◆ DESCRIPTION OF THE TASK ◆
What you give back must match the records below exactly.

+++

lemma quicksort_law_emeasure_near_shift_ge:
  fixes f :: "real \<Rightarrow> real"
  assumes ql: "quicksort_law \<mu>" and dens: "\<mu> = density lborel (\<lambda>x. ennreal (f x))"
    and cont: "continuous_on UNIV f" and "0 < f y" "0 < u" "u < 1"
  obtains c r where "0 < c" "0 < r"
    "\<And>\<epsilon>. 0 < \<epsilon> \<Longrightarrow> \<epsilon> \<le> r \<Longrightarrow>
       ennreal (\<epsilon> * c) \<le> emeasure \<mu> {y + qs_toll u - \<epsilon><..<y + qs_toll u + \<epsilon>}"
proof -
  have f: "f \<in> borel_measurable borel" using cont by (rule borel_measurable_continuous_onI)
  define \<delta> where "\<delta> = f y / 2"
  have "0 < \<delta>" using assms(4) by (simp add: \<delta>_def)
  obtain r where "0 < r" and r: "\<And>z. \<bar>z - y\<bar> < r \<Longrightarrow> \<delta> \<le> f z"
    using isCont_half_lower_bound[where f = f and y = y] cont assms(4)
    unfolding \<delta>_def by (auto simp: continuous_on_eq_continuous_at)
  obtain \<eta> \<rho> where "0 < \<eta>" "\<eta> \<le> u" "\<eta> \<le> 1 - u" "0 < \<rho>"
    and centre: "\<And>v w. \<bar>v - u\<bar> < \<eta> \<Longrightarrow> \<bar>w - y\<bar> < \<rho> \<Longrightarrow>
       \<bar>(y + qs_toll u - v * w - qs_toll v) / (1 - v) - y\<bar> < r / 2"
    using qs_section_centre_near[of u "r / 2" y] assms(5,6) \<open>0 < r\<close> by auto
  define \<rho>' where "\<rho>' = min \<rho> r"
  define c where "c = 2 * \<delta> * (\<delta> * (2 * \<rho>')) * (2 * \<eta>)"
  show ?thesis
  proof (rule that[of c "r / 2"])
    show "0 < c" "0 < r / 2"
      using \<open>0 < \<delta>\<close> \<open>0 < \<eta>\<close> \<open>0 < \<rho>\<close> \<open>0 < r\<close> by (auto simp: c_def \<rho>'_def)
    fix \<epsilon> :: real assume "0 < \<epsilon>" "\<epsilon> \<le> r / 2"
    have Y: "ennreal (\<delta> * ((y + \<rho>') - (y - \<rho>'))) \<le> emeasure \<mu> {y - \<rho>'<..<y + \<rho>'}"
      unfolding dens using \<open>0 < \<delta>\<close> \<open>0 < \<rho>\<close> \<open>0 < r\<close>
      by (intro emeasure_density_lborel_ge[OF f] r) (auto simp: \<rho>'_def abs_less_iff)
    have U: "emeasure unif01 {u - \<eta><..<u + \<eta>} = ennreal ((u + \<eta>) - (u - \<eta>))"
      using \<open>0 < \<eta>\<close> \<open>\<eta> \<le> u\<close> \<open>\<eta> \<le> 1 - u\<close> by (intro emeasure_unif01_interval) auto
    have "ennreal (\<epsilon> * c)
        = ennreal (2 * \<epsilon> * \<delta>) * ennreal (\<delta> * ((y + \<rho>') - (y - \<rho>'))) * ennreal ((u + \<eta>) - (u - \<eta>))"
      using \<open>0 < \<epsilon>\<close> \<open>0 < \<delta>\<close> \<open>0 < \<eta>\<close> \<open>0 < \<rho>\<close> \<open>0 < r\<close>
      by (simp add: c_def \<rho>'_def ennreal_mult[symmetric] mult_ac)
    also have "\<dots> \<le> ennreal (2 * \<epsilon> * \<delta>) * emeasure \<mu> {y - \<rho>'<..<y + \<rho>'} * emeasure unif01 {u - \<eta><..<u + \<eta>}"
      using Y U by (intro mult_mono) auto
    also have "\<dots> \<le> emeasure \<mu> {y + qs_toll u - \<epsilon><..<y + qs_toll u + \<epsilon>}"
    proof (rule quicksort_law_emeasure_interval_ge[OF ql dens f])
      fix v w z assume "v \<in> {u - \<eta><..<u + \<eta>}" "w \<in> {y - \<rho>'<..<y + \<rho>'}"
        and z: "\<bar>z - (y + qs_toll u - v * w - qs_toll v) / (1 - v)\<bar> < \<epsilon>"
      define m where "m = (y + qs_toll u - v * w - qs_toll v) / (1 - v)"
      have "\<bar>m - y\<bar> < r / 2"
        unfolding m_def using \<open>v \<in> _\<close> \<open>w \<in> _\<close> by (intro centre) (auto simp: \<rho>'_def abs_less_iff)
      with z[folded m_def] \<open>\<epsilon> \<le> r / 2\<close> show "\<delta> \<le> f z"
        by (intro r) linarith
    qed (use \<open>0 < \<epsilon>\<close> \<open>0 < \<delta>\<close> \<open>\<eta> \<le> u\<close> \<open>\<eta> \<le> 1 - u\<close> in auto)
    finally show "ennreal (\<epsilon> * c) \<le> emeasure \<mu> {y + qs_toll u - \<epsilon><..<y + qs_toll u + \<epsilon>}" .
  qed
qed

+++

◆ RESPONSE BELOW ◆
lemma quicksort_law_emeasure_near_shift_ge:
  fixes f :: "real \<Rightarrow> real"
  assumes ql: "quicksort_law \<mu>" and dens: "\<mu> = density lborel (\<lambda>x. ennreal (f x))"
    and cont: "continuous_on UNIV f" and "0 < f y" "0 < u" "u < 1"
  obtains c r where "0 < c" "0 < r"
    "\<And>\<epsilon>. 0 < \<epsilon> \<Longrightarrow> \<epsilon> \<le> r \<Longrightarrow>
       ennreal (\<epsilon> * c) \<le> emeasure \<mu> {y + qs_toll u - \<epsilon><..<y + qs_toll u + \<epsilon>}"
proof -
  have f: "f \<in> borel_measurable borel" using cont by (rule borel_measurable_continuous_onI)
  define \<delta> where "\<delta> = f y / 2"
  have "0 < \<delta>" using assms(4) by (simp add: \<delta>_def)
  obtain r where "0 < r" and r: "\<And>z. \<bar>z - y\<bar> < r \<Longrightarrow> \<delta> \<le> f z"
    using isCont_half_lower_bound[where f = f and y = y] cont assms(4)
    unfolding \<delta>_def by (auto simp: continuous_on_eq_continuous_at)
  obtain \<eta> \<rho> where "0 < \<eta>" "\<eta> \<le> u" "\<eta> \<le> 1 - u" "0 < \<rho>"
    and centre: "\<And>v w. \<bar>v - u\<bar> < \<eta> \<Longrightarrow> \<bar>w - y\<bar> < \<rho> \<Longrightarrow>
       \<bar>(y + qs_toll u - v * w - qs_toll v) / (1 - v) - y\<bar> < r / 2"
    using qs_section_centre_near[of u "r / 2" y] assms(5,6) \<open>0 < r\<close> by auto
  define \<rho>' where "\<rho>' = min \<rho> r"
  define c where "c = 2 * \<delta> * (\<delta> * (2 * \<rho>')) * (2 * \<eta>)"
  show ?thesis
  proof (rule that[of c "r / 2"])
    show "0 < c" "0 < r / 2"
      using \<open>0 < \<delta>\<close> \<open>0 < \<eta>\<close> \<open>0 < \<rho>\<close> \<open>0 < r\<close> by (auto simp: c_def \<rho>'_def)
    fix \<epsilon> :: real assume "0 < \<epsilon>" "\<epsilon> \<le> r / 2"
    have Y: "ennreal (\<delta> * ((y + \<rho>') - (y - \<rho>'))) \<le> emeasure \<mu> {y - \<rho>'<..<y + \<rho>'}"
      unfolding dens using \<open>0 < \<delta>\<close> \<open>0 < \<rho>\<close> \<open>0 < r\<close>
      by (intro emeasure_density_lborel_ge[OF f] r) (auto simp: \<rho>'_def abs_less_iff)
    have U: "emeasure unif01 {u - \<eta><..<u + \<eta>} = ennreal ((u + \<eta>) - (u - \<eta>))"
      using \<open>0 < \<eta>\<close> \<open>\<eta> \<le> u\<close> \<open>\<eta> \<le> 1 - u\<close> by (intro emeasure_unif01_interval) auto
    have "ennreal (\<epsilon> * c)
        = ennreal (2 * \<epsilon> * \<delta>) * ennreal (\<delta> * ((y + \<rho>') - (y - \<rho>'))) * ennreal ((u + \<eta>) - (u - \<eta>))"
      using \<open>0 < \<epsilon>\<close> \<open>0 < \<delta>\<close> \<open>0 < \<eta>\<close> \<open>0 < \<rho>\<close> \<open>0 < r\<close>
      by (simp add: c_def \<rho>'_def ennreal_mult[symmetric] mult_ac)
    also have "\<dots> \<le> ennreal (2 * \<epsilon> * \<delta>) * emeasure \<mu> {y - \<rho>'<..<y + \<rho>'} * emeasure unif01 {u - \<eta><..<u + \<eta>}"
      using Y U by (intro mult_mono) auto
    also have "\<dots> \<le> emeasure \<mu> {y + qs_toll u - \<epsilon><..<y + qs_toll u + \<epsilon>}"
    proof (rule quicksort_law_emeasure_interval_ge[OF ql dens f])
      fix v w z assume "v \<in> {u - \<eta><..<u + \<eta>}" "w \<in> {y - \<rho>'<..<y + \<rho>'}"
        and z: "\<bar>z - (y + qs_toll u - v * w - qs_toll v) / (1 - v)\<bar> < \<epsilon>"
      define m where "m = (y + qs_toll u - v * w - qs_toll v) / (1 - v)"
      have "\<bar>m - y\<bar> < r / 2"
        unfolding m_def using \<open>v \<in> _\<close> \<open>w \<in> _\<close> by (intro centre) (auto simp: \<rho>'_def abs_less_iff)
      with z[folded m_def] \<open>\<epsilon> \<le> r / 2\<close> show "\<delta> \<le> f z"
        by (intro r) linarith
    qed (use \<open>0 < \<epsilon>\<close> \<open>0 < \<delta>\<close> \<open>\<eta> \<le> u\<close> \<open>\<eta> \<le> 1 - u\<close> in auto)
    finally show "ennreal (\<epsilon> * c) \<le> emeasure \<mu> {y + qs_toll u - \<epsilon><..<y + qs_toll u + \<epsilon>}" .
  qed
qed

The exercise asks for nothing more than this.